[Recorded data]
□ □ □ □ □

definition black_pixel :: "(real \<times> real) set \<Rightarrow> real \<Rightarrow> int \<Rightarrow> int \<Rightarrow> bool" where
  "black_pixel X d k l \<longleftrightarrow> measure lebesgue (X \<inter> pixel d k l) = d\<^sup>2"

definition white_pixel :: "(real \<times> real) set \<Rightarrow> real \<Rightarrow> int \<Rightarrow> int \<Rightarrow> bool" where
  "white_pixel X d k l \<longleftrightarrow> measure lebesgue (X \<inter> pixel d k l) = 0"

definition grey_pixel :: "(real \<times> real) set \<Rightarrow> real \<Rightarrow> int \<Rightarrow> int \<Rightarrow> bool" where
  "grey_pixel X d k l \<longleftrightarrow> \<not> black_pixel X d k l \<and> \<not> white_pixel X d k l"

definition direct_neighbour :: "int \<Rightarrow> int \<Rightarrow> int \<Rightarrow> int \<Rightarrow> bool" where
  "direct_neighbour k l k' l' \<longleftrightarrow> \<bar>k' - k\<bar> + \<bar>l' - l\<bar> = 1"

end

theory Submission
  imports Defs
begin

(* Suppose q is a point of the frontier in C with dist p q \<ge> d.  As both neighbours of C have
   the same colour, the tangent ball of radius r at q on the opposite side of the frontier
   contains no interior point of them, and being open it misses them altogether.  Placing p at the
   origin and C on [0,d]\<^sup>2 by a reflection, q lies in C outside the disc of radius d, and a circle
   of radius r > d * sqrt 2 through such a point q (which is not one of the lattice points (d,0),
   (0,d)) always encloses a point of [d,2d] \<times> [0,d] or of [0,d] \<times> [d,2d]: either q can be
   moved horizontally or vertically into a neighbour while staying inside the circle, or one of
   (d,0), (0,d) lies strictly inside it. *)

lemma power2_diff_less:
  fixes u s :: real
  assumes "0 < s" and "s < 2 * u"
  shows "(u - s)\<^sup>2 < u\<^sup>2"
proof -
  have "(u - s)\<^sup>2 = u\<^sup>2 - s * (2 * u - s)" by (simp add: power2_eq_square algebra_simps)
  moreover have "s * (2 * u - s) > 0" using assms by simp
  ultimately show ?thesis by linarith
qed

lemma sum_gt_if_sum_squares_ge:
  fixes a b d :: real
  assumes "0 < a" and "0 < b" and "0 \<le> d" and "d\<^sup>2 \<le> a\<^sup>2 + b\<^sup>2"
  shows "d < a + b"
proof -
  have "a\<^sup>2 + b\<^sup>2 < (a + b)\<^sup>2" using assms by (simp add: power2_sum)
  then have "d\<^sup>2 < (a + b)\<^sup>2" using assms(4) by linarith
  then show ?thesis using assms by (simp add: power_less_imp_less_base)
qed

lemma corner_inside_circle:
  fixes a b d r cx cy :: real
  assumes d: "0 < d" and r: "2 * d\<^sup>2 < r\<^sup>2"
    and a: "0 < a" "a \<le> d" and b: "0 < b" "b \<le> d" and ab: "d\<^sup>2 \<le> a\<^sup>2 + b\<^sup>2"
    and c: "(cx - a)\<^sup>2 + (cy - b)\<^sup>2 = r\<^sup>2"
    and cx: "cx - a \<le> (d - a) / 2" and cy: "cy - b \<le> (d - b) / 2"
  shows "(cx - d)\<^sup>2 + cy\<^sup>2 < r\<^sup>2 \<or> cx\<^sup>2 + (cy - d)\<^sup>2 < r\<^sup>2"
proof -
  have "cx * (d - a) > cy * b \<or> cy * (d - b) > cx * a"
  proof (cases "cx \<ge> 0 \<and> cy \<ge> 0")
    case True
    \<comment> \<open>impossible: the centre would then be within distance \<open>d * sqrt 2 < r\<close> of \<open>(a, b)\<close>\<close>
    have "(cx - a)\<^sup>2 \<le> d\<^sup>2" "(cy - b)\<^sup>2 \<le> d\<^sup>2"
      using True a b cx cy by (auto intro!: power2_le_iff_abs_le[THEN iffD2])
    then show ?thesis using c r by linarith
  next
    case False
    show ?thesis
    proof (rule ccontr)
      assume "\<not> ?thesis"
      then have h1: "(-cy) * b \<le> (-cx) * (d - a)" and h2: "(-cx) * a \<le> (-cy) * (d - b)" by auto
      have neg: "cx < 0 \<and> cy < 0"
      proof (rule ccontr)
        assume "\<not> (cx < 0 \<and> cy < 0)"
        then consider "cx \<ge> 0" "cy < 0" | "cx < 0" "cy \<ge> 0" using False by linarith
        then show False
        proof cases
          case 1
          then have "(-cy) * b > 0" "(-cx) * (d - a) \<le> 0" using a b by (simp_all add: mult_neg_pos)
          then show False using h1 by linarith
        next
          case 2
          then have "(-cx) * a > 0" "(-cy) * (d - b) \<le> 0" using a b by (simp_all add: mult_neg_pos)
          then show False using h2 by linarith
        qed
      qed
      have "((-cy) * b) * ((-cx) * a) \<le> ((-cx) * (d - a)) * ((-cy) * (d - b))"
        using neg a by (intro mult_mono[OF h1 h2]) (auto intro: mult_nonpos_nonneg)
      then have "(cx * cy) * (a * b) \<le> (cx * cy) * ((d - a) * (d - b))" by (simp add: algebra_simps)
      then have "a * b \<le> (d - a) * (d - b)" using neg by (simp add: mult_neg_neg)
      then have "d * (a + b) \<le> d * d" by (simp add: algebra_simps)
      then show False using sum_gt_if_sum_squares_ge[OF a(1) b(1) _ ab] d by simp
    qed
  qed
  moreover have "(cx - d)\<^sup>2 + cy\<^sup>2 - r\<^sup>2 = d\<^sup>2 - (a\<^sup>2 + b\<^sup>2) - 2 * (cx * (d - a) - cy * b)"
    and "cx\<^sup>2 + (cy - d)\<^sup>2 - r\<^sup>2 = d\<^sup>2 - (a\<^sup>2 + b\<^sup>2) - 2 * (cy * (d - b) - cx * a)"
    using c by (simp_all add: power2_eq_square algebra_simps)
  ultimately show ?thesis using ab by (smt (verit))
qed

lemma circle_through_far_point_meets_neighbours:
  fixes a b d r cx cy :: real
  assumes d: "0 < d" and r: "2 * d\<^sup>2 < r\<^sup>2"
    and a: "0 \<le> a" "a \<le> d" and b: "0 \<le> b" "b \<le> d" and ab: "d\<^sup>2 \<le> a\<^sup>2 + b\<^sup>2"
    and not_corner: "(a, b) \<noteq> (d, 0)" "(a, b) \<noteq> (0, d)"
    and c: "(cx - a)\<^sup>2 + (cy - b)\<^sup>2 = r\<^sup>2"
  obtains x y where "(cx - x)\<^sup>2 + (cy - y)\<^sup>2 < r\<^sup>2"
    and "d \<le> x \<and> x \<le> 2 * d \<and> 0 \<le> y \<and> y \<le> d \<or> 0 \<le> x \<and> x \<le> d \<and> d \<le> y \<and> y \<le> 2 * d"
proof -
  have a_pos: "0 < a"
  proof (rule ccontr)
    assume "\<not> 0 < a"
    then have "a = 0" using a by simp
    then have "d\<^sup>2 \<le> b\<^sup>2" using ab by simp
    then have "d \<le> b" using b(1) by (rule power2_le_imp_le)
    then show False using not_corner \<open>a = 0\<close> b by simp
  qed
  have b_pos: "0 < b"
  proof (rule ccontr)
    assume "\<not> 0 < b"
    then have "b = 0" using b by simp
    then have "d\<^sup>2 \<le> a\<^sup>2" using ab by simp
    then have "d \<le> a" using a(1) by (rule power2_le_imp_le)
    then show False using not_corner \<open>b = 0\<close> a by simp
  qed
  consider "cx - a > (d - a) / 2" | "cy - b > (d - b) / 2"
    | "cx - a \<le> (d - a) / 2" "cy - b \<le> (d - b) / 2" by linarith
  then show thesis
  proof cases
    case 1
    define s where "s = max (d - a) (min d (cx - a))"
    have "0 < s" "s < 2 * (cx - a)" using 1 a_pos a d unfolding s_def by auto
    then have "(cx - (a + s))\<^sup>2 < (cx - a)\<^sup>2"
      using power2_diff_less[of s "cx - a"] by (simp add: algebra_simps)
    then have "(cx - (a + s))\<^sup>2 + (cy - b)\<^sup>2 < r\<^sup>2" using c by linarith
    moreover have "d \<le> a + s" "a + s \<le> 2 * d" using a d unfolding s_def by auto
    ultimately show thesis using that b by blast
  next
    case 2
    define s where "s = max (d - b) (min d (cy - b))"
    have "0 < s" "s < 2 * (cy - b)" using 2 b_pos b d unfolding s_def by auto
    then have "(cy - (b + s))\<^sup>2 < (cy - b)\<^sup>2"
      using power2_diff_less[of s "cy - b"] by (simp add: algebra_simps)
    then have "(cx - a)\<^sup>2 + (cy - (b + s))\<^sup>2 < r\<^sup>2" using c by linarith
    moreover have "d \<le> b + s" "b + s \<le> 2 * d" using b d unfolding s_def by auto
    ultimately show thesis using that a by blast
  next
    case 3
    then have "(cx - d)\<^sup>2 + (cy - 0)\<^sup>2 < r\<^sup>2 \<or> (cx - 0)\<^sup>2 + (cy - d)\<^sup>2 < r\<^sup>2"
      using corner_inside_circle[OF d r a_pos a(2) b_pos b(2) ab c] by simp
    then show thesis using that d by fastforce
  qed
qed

□ □ □ □ □

- [PROBLEM STATEMENT] Once you have identified the lines above that contain "lemma", copy each of them.

- [SOLUTION TO THIS TASK]
lemma power2_diff_less:
lemma sum_gt_if_sum_squares_ge:
lemma corner_inside_circle:
lemma circle_through_far_point_meets_neighbours:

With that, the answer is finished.